Start of Input
(* Let $\mathcal V\subseteq B(H)$ be an operator system and suppose $p\in\mathcal V$ is a projection in $B(H)$. Then $\{C(p_n)\}_n$ is a (not necessarily proper) matrix ordering on $\mathcal V$. Furthermore, if $q\in\mathcal V$ satisfies $p\le q\le I$, then $q$ is an Archimedean matrix order unit for $(\mathcal V,\{C(p_n)\}_n)$.
   Context: $p_n=I_n\otimes p$ and $C(p_n)=\{x\in M_n(\mathcal V): x=x^*,\ p_nxp_n\ge0\text{ in }B(H^n)\}$. A (not necessarily proper) matrix ordering is a sequence of cones $D_n\subseteq M_n(\mathcal V)_h$ with $\alpha^*D_n\alpha\subseteq D_m$ for all $\alpha\in M_{n,m}$. An element $u$ is an Archimedean matrix order unit for $\{D_n\}$ if for every hermitian $x\in M_n(\mathcal V)$ there is $r>0$ with $ru_n-x\in D_n$ ($u_n=I_n\otimes u$), and $x+\epsilon u_n\in D_n$ for all $\epsilon>0$ implies $x\in D_n$. *)

theory Defs
  imports Complex_Main
begin

class complex_hilbert = ab_group_add +
  fixes scaleC :: "complex \<Rightarrow> 'a \<Rightarrow> 'a"
    and cinner :: "'a \<Rightarrow> 'a \<Rightarrow> complex"
  assumes scaleC_add_right: "scaleC a (x + y) = scaleC a x + scaleC a y"
    and scaleC_add_left: "scaleC (a + b) x = scaleC a x + scaleC b x"
    and scaleC_scaleC: "scaleC a (scaleC b x) = scaleC (a * b) x"
    and scaleC_one: "scaleC 1 x = x"
    and cinner_add_left: "cinner (x + y) z = cinner x z + cinner y z"
    and cinner_scaleC_left: "cinner (scaleC a x) y = a * cinner x y"
    and cinner_commute: "cinner y x = cnj (cinner x y)"
    and cinner_ge_zero: "0 \<le> Re (cinner x x)"
    and cinner_eq_zero_iff: "cinner x x = 0 \<longleftrightarrow> x = 0"
    and cinner_complete:
      "(\<forall>e>0. \<exists>N::nat. \<forall>m\<ge>N. \<forall>n\<ge>N. sqrt (Re (cinner (X m - X n) (X m - X n))) < e)
       \<Longrightarrow> (\<exists>L. \<forall>e>0. \<exists>N::nat. \<forall>n\<ge>N. sqrt (Re (cinner (X n - L) (X n - L))) < e)"

definition cnorm :: "'a::complex_hilbert \<Rightarrow> real" where
  "cnorm x = sqrt (Re (cinner x x))"

definition bounded_op :: "('a::complex_hilbert \<Rightarrow> 'a) \<Rightarrow> bool" where
  "bounded_op T \<longleftrightarrow> (\<forall>x y. T (x + y) = T x + T y) \<and> (\<forall>c x. T (scaleC c x) = scaleC c (T x))
     \<and> (\<exists>K. \<forall>x. cnorm (T x) \<le> K * cnorm x)"

definition BH :: "('a::complex_hilbert \<Rightarrow> 'a) set" where
  "BH = {T. bounded_op T}"

definition adj :: "('a::complex_hilbert \<Rightarrow> 'a) \<Rightarrow> ('a \<Rightarrow> 'a)" where
  "adj T = (THE S. \<forall>x y. cinner (T x) y = cinner x (S y))"

definition op_zero :: "'a::complex_hilbert \<Rightarrow> 'a" where
  "op_zero = (\<lambda>x. 0)"

definition op_add :: "('a::complex_hilbert \<Rightarrow> 'a) \<Rightarrow> ('a \<Rightarrow> 'a) \<Rightarrow> ('a \<Rightarrow> 'a)" where
  "op_add S T = (\<lambda>x. S x + T x)"

definition op_diff :: "('a::complex_hilbert \<Rightarrow> 'a) \<Rightarrow> ('a \<Rightarrow> 'a) \<Rightarrow> ('a \<Rightarrow> 'a)" where
  "op_diff S T = (\<lambda>x. S x - T x)"

definition op_scale :: "complex \<Rightarrow> ('a::complex_hilbert \<Rightarrow> 'a) \<Rightarrow> ('a \<Rightarrow> 'a)" where
  "op_scale c T = (\<lambda>x. scaleC c (T x))"

definition op_pos :: "('a::complex_hilbert \<Rightarrow> 'a) \<Rightarrow> bool" where
  "op_pos T \<longleftrightarrow> T \<in> BH \<and> (\<forall>\<xi>. Im (cinner (T \<xi>) \<xi>) = 0 \<and> 0 \<le> Re (cinner (T \<xi>) \<xi>))"

definition op_le :: "('a::complex_hilbert \<Rightarrow> 'a) \<Rightarrow> ('a \<Rightarrow> 'a) \<Rightarrow> bool" where
  "op_le S T \<longleftrightarrow> op_pos (op_diff T S)"

definition is_projection :: "('a::complex_hilbert \<Rightarrow> 'a) \<Rightarrow> bool" where
  "is_projection p \<longleftrightarrow> p \<in> BH \<and> p \<circ> p = p \<and> adj p = p"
End of Input
◆ Your objective
A single number is expected: the count of lines in the preceding entries that contain "subseteq".

◆ Final answer
2